EXERCISE GOAL: Scan the entries below and give the number of lines containing "open", with no accompanying words.

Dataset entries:
lemma Fan_Cons_rim_step:
  assumes "u' \<noteq> []" "vrim (Fan u' v') = map rim_letter xs" "rim_wf r d xs" "idx a = r"
  shows "vrim (Fan (a # u') (A d # v')) = map rim_letter (rim_step r d xs)"
    and "length (erim (Fan (a # u') (A d # v'))) = length (rim_step r d xs)"
    and "Area (Fan (a # u') (A d # v')) = Area (Fan u' v') + length (rim_step r d xs)"
proof -
  let ?fan = "\<lambda>(x, y). sfan (gen_of x) (gen_of y)"
  let ?R = "attached_ranges r d xs"
  have ranges: "zip (a # map snd (vrim (Fan u' v'))) (map fst (vrim (Fan u' v')) @ [A d])
      = map (\<lambda>(x, y). (gen_of x, gen_of y)) ?R"
  proof -
    have "map (\<lambda>(x, y). (gen_of x, gen_of y)) ?R =
        zip (map gen_of (r # map (\<lambda>t. min t 1) xs)) (map gen_of (map Suc xs @ [Suc d]))"
      unfolding attached_ranges_def zip_map_map ..
    then show ?thesis using assms(2,4) by (auto simp: rim_letter_def comp_def)
  qed
  have F: "Fan (a # u') (A d # v') =
      (concat (map (vrim \<circ> ?fan) ?R), concat (map (erim \<circ> ?fan) ?R),
       Area (Fan u' v') + sum_list (map (Area \<circ> ?fan) ?R))"
    using assms(1) by (simp add: Let_def ranges comp_def split_def)
  have ascending: "\<And>p. p \<in> set ?R \<Longrightarrow> fst p \<le> snd p"
    using attached_ranges_ascending[OF assms(3)] by auto
  have vrims: "map (vrim \<circ> ?fan) ?R = map (\<lambda>(x, y). map rim_letter [x..<y]) ?R"
    and erims: "map (length \<circ> erim \<circ> ?fan) ?R = map (length \<circ> (\<lambda>(x, y). [x..<y])) ?R"
    and areas: "map (Area \<circ> ?fan) ?R = map (length \<circ> (\<lambda>(x, y). [x..<y])) ?R"
    by (auto intro!: map_cong simp: sfan_ascending dest: ascending)
  show "vrim (Fan (a # u') (A d # v')) = map rim_letter (rim_step r d xs)"
    by (simp only: F vrim_def fst_conv vrims) (simp add: rim_step_def map_concat split_def comp_def)
  show "length (erim (Fan (a # u') (A d # v'))) = length (rim_step r d xs)"
    by (simp only: F erim_def fst_conv snd_conv length_concat map_map o_assoc erims)
      (simp add: rim_step_def length_concat)
  show "Area (Fan (a # u') (A d # v')) = Area (Fan u' v') + length (rim_step r d xs)"
    by (simp only: F Area_def snd_conv areas) (simp add: rim_step_def length_concat)
qed

lemma Fan_replicate_fan_rim:
  assumes "idx u = r" "r \<le> d"
  shows "vrim (Fan (replicate (Suc n) u) (replicate (Suc n) (A d))) = map rim_letter (fan_rim r d n)
       \<and> length (erim (Fan (replicate (Suc n) u) (replicate (Suc n) (A d)))) = length (fan_rim r d n)
       \<and> Area (Fan (replicate (Suc n) u) (replicate (Suc n) (A d))) = (\<Sum>k\<le>n. length (fan_rim r d k))"
proof (induction n)
  case 0
  then show ?case using sfan_ascending[of u "A d"] assms by (simp del: upt_Suc)
next
  case (Suc n)
  then show ?case
    using Fan_Cons_rim_step[of "replicate (Suc n) u" "replicate (Suc n) (A d)" "fan_rim r d n" r d u]
      rim_wf_fan_rim assms by simp
qed

section \<open>Counting rim indices\<close>

definition count_ge :: "nat \<Rightarrow> nat list \<Rightarrow> nat" where
  "count_ge j xs = length (filter (\<lambda>t. j \<le> t) xs)"

lemma count_ge_upt: "count_ge j [x..<y] = y - max x j"
  unfolding count_ge_def
proof (induction y)
  case 0
  then show ?case by simp
next
  case (Suc y)
  show ?case
  proof (cases "x \<le> y")
    case True
    then show ?thesis using Suc by (cases "j \<le> y") (auto simp: max_def)
  qed simp
qed

lemma count_ge_append: "count_ge j (xs @ ys) = count_ge j xs + count_ge j ys"
  by (simp add: count_ge_def)

lemma count_ge_concat: "count_ge j (concat xss) = sum_list (map (count_ge j) xss)"
  by (induction xss) (auto simp: count_ge_def)

lemma count_ge_Cons: "count_ge m (r # ys) = (if m \<le> r then 1 else 0) + count_ge m ys"
  by (simp add: count_ge_def)

lemma count_list_upt_0: "count_list [x..<y] 0 = (if x = 0 \<and> 0 < y then 1 else 0)"
proof (induction y)
  case 0
  then show ?case by simp
next
  case (Suc y)
  show ?case
  proof (cases "x \<le> y")
    case True
    then show ?thesis using Suc by (cases "y = 0") auto
  qed simp
qed

lemma count_list_concat: "count_list (concat xss) a = sum_list (map (\<lambda>xs. count_list xs a) xss)"
  by (induction xss) auto

lemma length_eq_count_list_0_plus_count_ge_1: "length xs = count_list xs 0 + count_ge 1 xs"
  by (induction xs) (auto simp: count_ge_def)

lemma sum_list_zip_diff_max:
  "length as = length bs \<Longrightarrow> \<forall>x\<in>set as. x \<le> j \<Longrightarrow>
   sum_list (map (\<lambda>(x, y). y - max x j) (zip as bs)) = sum_list (map (\<lambda>y. y - j) bs)"
proof (induction as arbitrary: bs)
  case Nil
  then show ?case by simp
next
  case (Cons a as)
  then show ?case by (cases bs) (auto simp: max_def)
qed

lemma sum_list_zip_starts_at_0:
  "length as = length bs \<Longrightarrow> \<forall>y\<in>set bs. 0 < y \<Longrightarrow>
   sum_list (map (\<lambda>(x, y). if x = 0 \<and> 0 < y then 1 else 0) (zip as bs)) = count_list as 0"
proof (induction as arbitrary: bs)
  case Nil
  then show ?case by simp
next
  case (Cons a as)
  then show ?case by (cases bs) auto
qed

lemma sum_indicator_le: "r \<le> d \<Longrightarrow> (\<Sum>m = j..d. if m \<le> r then 1 else 0 :: nat) = Suc r - j"
proof -
  assume "r \<le> d"
  then have "{j..d} \<inter> {m. m \<le> r} = {j..r}" by auto
  then show ?thesis by (simp add: sum.If_cases)
qed

lemma sum_list_Suc_diff_eq_sum_count_ge:
  "\<forall>t\<in>set ys. t \<le> d \<Longrightarrow> sum_list (map (\<lambda>t. Suc t - j) ys) = (\<Sum>m = j..d. count_ge m ys)"
proof (induction ys)
  case Nil
  then show ?case by (simp add: count_ge_def)
next
  case (Cons t ys)
  have "(\<Sum>m = j..d. count_ge m (t # ys)) =
      (\<Sum>m = j..d. if m \<le> t then 1 else 0) + (\<Sum>m = j..d. count_ge m ys)"
    by (simp add: count_ge_Cons sum.distrib)
  also have "\<dots> = Suc t - j + (\<Sum>m = j..d. count_ge m ys)"
    using Cons.prems by (simp add: sum_indicator_le)
  finally show ?case using Cons by simp
qed

lemma sum_atLeastAtMost_reflect:
  "e \<le> d \<Longrightarrow> (\<Sum>m = Suc d - e..d. g m) = (\<Sum>f = 1..e. g (Suc d - f))"
proof (induction e)
  case 0
  then show ?case by simp
next
  case (Suc e)
  have "{d - e..d} = insert (d - e) {Suc d - e..d}" using Suc.prems by auto
  moreover have "{1..Suc e} = insert (Suc e) {1..e}" by auto
  ultimately show ?case using Suc by (simp add: add.commute)
qed

lemma rim_step_Cons:
  "rim_step r d (r # ys) =
     [r..<Suc r] @ concat (map (\<lambda>(x, y). [x..<y]) (zip (map (\<lambda>t. min t 1) (r # ys)) (map Suc ys @ [Suc d])))"
  unfolding rim_step_def attached_ranges_Cons by simp

text \<open>Every attached fan starts at index \<open>0\<close> or \<open>1\<close>, so for \<open>j \<ge> 1\<close> a range
  \<open>[min t 1..<Suc t']\<close> contributes \<open>Suc t' - j\<close> indices \<open>\<ge> j\<close>, independently of \<open>t\<close>.\<close>

lemma count_ge_rim_step:
  assumes "1 \<le> j"
  shows "count_ge j (rim_step r d (r # ys)) =
    (if j \<le> r then 1 else 0) + sum_list (map (\<lambda>t. Suc t - j) ys) + (Suc d - j)"
proof -
  let ?zs = "zip (map (\<lambda>t. min t 1) (r # ys)) (map Suc ys @ [Suc d])"
  have "count_ge j (rim_step r d (r # ys)) =
      count_ge j [r..<Suc r] + sum_list (map (\<lambda>(x, y). y - max x j) ?zs)"
    unfolding rim_step_Cons count_ge_append count_ge_concat
    by (simp add: count_ge_upt split_def comp_def del: upt_Suc)
  also have "sum_list (map (\<lambda>(x, y). y - max x j) ?zs) = sum_list (map (\<lambda>y. y - j) (map Suc ys @ [Suc d]))"
    by (rule sum_list_zip_diff_max) (use assms in auto)
  finally show ?thesis by (simp add: count_ge_def comp_def)
qed

lemma count_list_0_rim_step:
  "count_list (rim_step r d (r # ys)) 0 = (if r = 0 then 1 else 0) + count_list (r # ys) 0"
proof -
  let ?zs = "zip (map (\<lambda>t. min t 1) (r # ys)) (map Suc ys @ [Suc d])"
  have "count_list (rim_step r d (r # ys)) 0 =
      count_list [r..<Suc r] 0 + sum_list (map (\<lambda>(x, y). if x = 0 \<and> 0 < y then 1 else 0) ?zs)"
    unfolding rim_step_Cons count_list_append count_list_concat
    by (simp add: count_list_upt_0 split_def comp_def del: upt_Suc)
  also have "sum_list (map (\<lambda>(x, y). if x = 0 \<and> 0 < y then 1 else 0) ?zs) =
      count_list (map (\<lambda>t. min t 1) (r # ys)) 0"
    by (rule sum_list_zip_starts_at_0) auto
  also have "count_list (map (\<lambda>t. min t 1) (r # ys)) 0 = count_list (r # ys) 0"
    by (induction ys) auto
  finally show ?thesis by (simp add: count_list_upt_0)
qed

RESULT OF THIS EXERCISE: 3